Where everybody knows your name

Not actually us.

The other night I spent a wonderful evening sharing dinner with a group of friends. I don’t even know how long we’ve known each other. Years ago we started as a group for women clergy in town. As we discussed what the group might be, we considered being a book group or a sermon preparation group.. and then we decided that we mainly wanted just to talk with each other.

And so we did. Every month we gathered at someone’s house – or later, my office. We had tea and coffee and talked about our work. And our lives. We met together for years until finally people started moving away… Texas. New Mexico. Winston-Salem. (okay, which one of those does not fit with the other?) Occasionally now one of our southwestern sisters comes through town and we get together.

The other night as the day grew short and our time together grew long, I watched this group. I appreciated the ease with which we are together with each other. We shared from our hearts, the good, bad and indifferent places. People offered encouragement and support. People offered new possibilities. We experienced community.

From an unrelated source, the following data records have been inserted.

lemma reversal_in_Sigma_V:
  assumes "\<sigma> \<in> Sigma_V V"
  shows "reversal (card V) \<sigma> \<in> Sigma_V V"
proof -
  let ?n = "card V"
  have "bij_betw (\<lambda>j. Suc ?n - j) {1..?n} {1..?n}"
    by (rule bij_betw_byWitness[where f' = "\<lambda>j. Suc ?n - j"]) auto
  then have "bij_betw (\<sigma> \<circ> (\<lambda>j. Suc ?n - j)) {1..?n} V"
    using assms bij_betw_trans unfolding Sigma_V_def by blast
  then have "bij_betw (reversal ?n \<sigma>) {1..?n} V"
    by (rule bij_betw_cong[THEN iffD1, rotated]) (simp add: reversal_def)
  then show ?thesis by (simp add: Sigma_V_def reversal_def)
qed

lemma reversal_reversal: "\<sigma> \<in> Sigma_V V \<Longrightarrow> reversal (card V) (reversal (card V) \<sigma>) = \<sigma>"
  unfolding Sigma_V_def by (auto simp: reversal_def fun_eq_iff)

lemma mem_op_set: "I \<subseteq> {..n} \<Longrightarrow> x \<le> n \<Longrightarrow> x \<in> op_set n I \<longleftrightarrow> n - x \<in> I"
  unfolding op_set_def by (auto simp: image_iff intro: bexI[where x = "n - x"])

lemma XDes_reversal:
  assumes "\<sigma> \<in> Sigma_V V"
  shows "XDes V ((compl_edges V E)\<inverse>) (reversal (card V) \<sigma>)
           = {1..card V - 1} - op_set (card V) (XDes V E \<sigma>)"
proof (rule set_eqI)
  fix x
  let ?n = "card V"
  have bij: "bij_betw \<sigma> {1..?n} V" using assms by (simp add: Sigma_V_def)
  show "x \<in> XDes V ((compl_edges V E)\<inverse>) (reversal ?n \<sigma>) \<longleftrightarrow>
        x \<in> {1..?n - 1} - op_set ?n (XDes V E \<sigma>)"
  proof (cases "x \<in> {1..?n - 1}")
    case True
    let ?u = "\<sigma> (?n - x)" and ?v = "\<sigma> (Suc (?n - x))"
    have "?n - x \<in> {1..?n}" "Suc (?n - x) \<in> {1..?n}" using True by auto
    then have "?u \<in> V" "?v \<in> V" "?u \<noteq> ?v"
      using bij_betwE[OF bij] inj_onD[OF bij_betw_imp_inj_on[OF bij]] by fastforce+
    then have "x \<in> XDes V ((compl_edges V E)\<inverse>) (reversal ?n \<sigma>) \<longleftrightarrow> (?u, ?v) \<notin> E"
      using True by (auto simp: XDes_def reversal_def compl_edges_def Suc_diff_le)
    also have "\<dots> \<longleftrightarrow> ?n - x \<notin> XDes V E \<sigma>"
      using True by (auto simp: XDes_def)
    also have "\<dots> \<longleftrightarrow> x \<notin> op_set ?n (XDes V E \<sigma>)"
      using True by (subst mem_op_set) (auto simp: XDes_def)
    finally show ?thesis using True by blast
  qed (auto simp: XDes_def)
qed

definition canonical_seq :: "nat \<Rightarrow> nat set \<Rightarrow> nat \<Rightarrow> nat" where
  "canonical_seq n J j = (if j \<in> {1..n} then Suc (card {i \<in> J. i < j}) else 0)"

lemma canonical_seq_in_F_seqs:
  assumes "J \<subseteq> {1..n - 1}" "I \<subseteq> J"
  shows "canonical_seq n J \<in> F_seqs n I (content n (canonical_seq n J))"
proof -
  have fin: "finite J" using assms(1) finite_subset by blast
  have "canonical_seq n J j \<le> canonical_seq n J (Suc j)" if "1 \<le> j" "j < n" for j
  proof -
    have "card {i \<in> J. i < j} \<le> card {i \<in> J. i < Suc j}"
      by (rule card_mono) (use fin in auto)
    then show ?thesis using that by (simp add: canonical_seq_def)
  qed
  moreover have "canonical_seq n J j < canonical_seq n J (Suc j)" if "j \<in> J" for j
  proof -
    have "j \<in> {1..n - 1}" using that assms(1) by blast
    then have "1 \<le> j" "j < n" by auto
    moreover have "{i \<in> J. i < Suc j} = insert j {i \<in> J. i < j}" using that by auto
    ultimately show ?thesis using fin by (simp add: canonical_seq_def)
  qed
  moreover have "\<forall>j. j \<notin> {1..n} \<longrightarrow> canonical_seq n J j = 0"
    and "\<forall>j\<in>{1..n}. 1 \<le> canonical_seq n J j"
    by (simp_all add: canonical_seq_def)
  ultimately show ?thesis
    using assms(2) unfolding F_seqs_def weakly_increasing_def by blast
qed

I’ve thought about that night a lot this week. So many of the people whom I see are hungry for that kind of community. “Cheers” was based on a place “where everybody knows your name” and I think there is within us a longing for those kinds of places. Places where they know our name. Where they know our heart.

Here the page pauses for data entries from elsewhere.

text \<open>The tensor ideal of null linear combinations: it is generated by the axioms of a
  strict monoidal category (so that terms modulo it give the free strict k-linear monoidal
  category on id_1, f_n, g_n) together with the three defining relations of D_{zeta,n}.
  dnull z n k l x means: x is zero in Hom_D(k,l).\<close>

inductive dnull :: "'k::field \<Rightarrow> nat \<Rightarrow> nat \<Rightarrow> nat \<Rightarrow> (dterm \<Rightarrow> 'k) \<Rightarrow> bool"
  for z :: "'k" and n :: nat where
  zero: "dnull z n k l (\<lambda>_. 0)"
| add: "dnull z n k l x \<Longrightarrow> dnull z n k l y \<Longrightarrow> dnull z n k l (\<lambda>s. x s + y s)"
| smult: "dnull z n k l x \<Longrightarrow> dnull z n k l (\<lambda>s. c * x s)"
| assoc: "dhom n j l a \<Longrightarrow> dhom n i j b \<Longrightarrow> dhom n h i c \<Longrightarrow>
          dnull z n h l (ldiff (DComp (DComp a b) c) (DComp a (DComp b c)))"
| idl: "dhom n k l a \<Longrightarrow> dnull z n k l (ldiff (DComp (DId l) a) a)"
| idr: "dhom n k l a \<Longrightarrow> dnull z n k l (ldiff (DComp a (DId k)) a)"
| tassoc: "dhom n k1 l1 a \<Longrightarrow> dhom n k2 l2 b \<Longrightarrow> dhom n k3 l3 c \<Longrightarrow>
          dnull z n (k1 + k2 + k3) (l1 + l2 + l3)
            (ldiff (DTens (DTens a b) c) (DTens a (DTens b c)))"
| tunitl: "dhom n k l a \<Longrightarrow> dnull z n k l (ldiff (DTens (DId 0) a) a)"
| tunitr: "dhom n k l a \<Longrightarrow> dnull z n k l (ldiff (DTens a (DId 0)) a)"
| interchange: "dhom n j l a \<Longrightarrow> dhom n i j b \<Longrightarrow> dhom n j' l' c \<Longrightarrow> dhom n i' j' d \<Longrightarrow>
          dnull z n (i + i') (l + l')
            (ldiff (DTens (DComp a b) (DComp c d)) (DComp (DTens a c) (DTens b d)))"
| idtens: "dnull z n (k + l) (k + l) (ldiff (DTens (DId k) (DId l)) (DId (k + l)))"
| rel_fg: "dnull z n 0 0 (ldiff (DComp Df Dg) (DId 0))"
| rel_gf: "dnull z n n n (ldiff (DComp Dg Df) (DId n))"
| rel_twist: "dnull z n (1 + n) 1
            (\<lambda>s. single (DTens (DId 1) Df) s - z * single (DTens Df (DId 1)) s)"
| compL: "dhom n l m t \<Longrightarrow> dnull z n k l x \<Longrightarrow> dnull z n k m (lcomp t x)"
| compR: "dhom n j k t \<Longrightarrow> dnull z n k l x \<Longrightarrow> dnull z n j l (rcomp t x)"
| tensL: "dhom n k' l' t \<Longrightarrow> dnull z n k l x \<Longrightarrow> dnull z n (k' + k) (l' + l) (ltens t x)"
| tensR: "dhom n k' l' t \<Longrightarrow> dnull z n k l x \<Longrightarrow> dnull z n (k + k') (l + l') (rtens t x)"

But such community doesn’t just walk up to our door. It doesn’t happen without investment. And that’s where a lot of us flounder.

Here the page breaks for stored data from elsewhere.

locale eigen_expansion =
  fixes n :: nat and Q :: "(nat \<Rightarrow> real) \<Rightarrow> real" and ev :: "nat \<Rightarrow> real"
    and v :: "nat \<Rightarrow> nat \<Rightarrow> real"
  assumes ev_mono: "\<And>i j. i \<le> j \<Longrightarrow> j < n \<Longrightarrow> ev i \<le> ev j"
    and orthonormal: "orthonormal_upto n {..<n} v"
    and parseval: "\<And>y. inner_upto n y y = (\<Sum>i<n. (inner_upto n y (v i))^2)"
    and expansion: "\<And>y. Q y = (\<Sum>i<n. ev i * (inner_upto n y (v i))^2)"
begin

lemma Q_eigenvector: "j < n \<Longrightarrow> Q (v j) = ev j"
  using orthonormal by (simp add: expansion orthonormal_upto_def if_distrib[of "\<lambda>x. _ * x\<^sup>2"]
      cong: if_cong)

lemma eigenvector_unit: "j < n \<Longrightarrow> inner_upto n (v j) (v j) = 1"
  using orthonormal by (simp add: orthonormal_upto_def)

lemma sum_smallest_le_trace_frame:
  assumes fin: "finite I" and card: "card I = k" and "k \<le> n" and ortho: "orthonormal_upto n I g"
  shows "(\<Sum>l<k. ev l) \<le> (\<Sum>m\<in>I. Q (g m))"
proof -
  define p where "p j = (\<Sum>m\<in>I. (inner_upto n (g m) (v j))^2)" for j
  have "(\<Sum>l<k. ev l) \<le> (\<Sum>j<n. ev j * p j)"
  proof (rule sum_initial_le_weighted_sum[OF \<open>k \<le> n\<close> ev_mono])
    show "0 \<le> p j" for j unfolding p_def by (auto intro: sum_nonneg)
    show "p j \<le> 1" if "j < n" for j
      using bessel_inequality[OF fin ortho, of "v j"] eigenvector_unit[OF that] by (simp add: p_def)
    have "(\<Sum>j<n. p j) = (\<Sum>m\<in>I. inner_upto n (g m) (g m))"
      unfolding p_def parseval by (rule sum.swap)
    also have "\<dots> = real k" using ortho card by (simp add: orthonormal_upto_def)
    finally show "(\<Sum>j<n. p j) = real k" .
  qed
  also have "(\<Sum>j<n. ev j * p j) = (\<Sum>m\<in>I. Q (g m))"
    unfolding p_def expansion by (simp add: sum_distrib_left) (rule sum.swap)
  finally show ?thesis .
qed

text \<open>The first \<open>k + 1\<close> eigenvectors cannot all be close to the span of \<open>k\<close> unit vectors,
  so a Poincare inequality off that span bounds the \<open>(k + 1)\<close>-st eigenvalue from below.\<close>
lemma eigenvalue_lower_bound:
  assumes fin: "finite I" and card: "card I = k" and "k < n"
    and unit: "\<And>m. m \<in> I \<Longrightarrow> inner_upto n (g m) (g m) = 1"
    and "\<gamma> \<ge> 0" and "c \<ge> 0"
    and bound: "\<And>y. \<gamma> * (inner_upto n y y - (\<Sum>m\<in>I. (inner_upto n (g m) y)^2)) \<le> c * Q y"
  shows "\<gamma> \<le> c * (real k + 1) * ev k"
proof -
  define p where "p j = (\<Sum>m\<in>I. (inner_upto n (g m) (v j))^2)" for j
  have each: "\<gamma> * (1 - p j) \<le> c * ev k" if "j \<le> k" for j
  proof -
    have "\<gamma> * (1 - p j) \<le> c * ev j"
      using bound[of "v j"] that \<open>k < n\<close> by (simp add: p_def eigenvector_unit Q_eigenvector)
    also have "\<dots> \<le> c * ev k" using ev_mono that \<open>k < n\<close> \<open>c \<ge> 0\<close> by (simp add: mult_left_mono)
    finally show ?thesis .
  qed
  have "(\<Sum>j\<le>k. p j) \<le> (\<Sum>j<n. p j)"
    using \<open>k < n\<close> by (intro sum_mono2) (auto simp: p_def intro: sum_nonneg)
  also have "\<dots> = (\<Sum>m\<in>I. inner_upto n (g m) (g m))"
    unfolding p_def parseval by (rule sum.swap)
  also have "\<dots> = real k" using unit card by simp
  finally have mass: "(\<Sum>j\<le>k. p j) \<le> real k" .
  have "\<gamma> \<le> \<gamma> * ((real k + 1) - (\<Sum>j\<le>k. p j))"
    using mult_left_mono[of 1 "real k + 1 - (\<Sum>j\<le>k. p j)" \<gamma>] mass \<open>\<gamma> \<ge> 0\<close> by simp
  also have "\<dots> = (\<Sum>j\<le>k. \<gamma> * (1 - p j))"
    by (simp add: sum_subtractf sum_distrib_left right_diff_distrib)
  also have "\<dots> \<le> (\<Sum>j\<le>k. c * ev k)" by (intro sum_mono each) auto
  also have "\<dots> = c * (real k + 1) * ev k" by simp
  finally show ?thesis .
qed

We create time for everything else in our schedules except each other. Or with the first sign of a disagreement, we’re done. We walk away. We never risk allowing ourselves to take the risk of deepening relationships. We forget how important friendships can be.

Community is messy. Community is demanding. Community is risky. But when it happens, it is priceless.

This week, pick up the phone, open up your e-mail, log onto Facebook… and reach out to someone. Someone from whom you’ve drifted away. Someone with whom you’d like to have a closer friendship.

It can’t start without opening the door.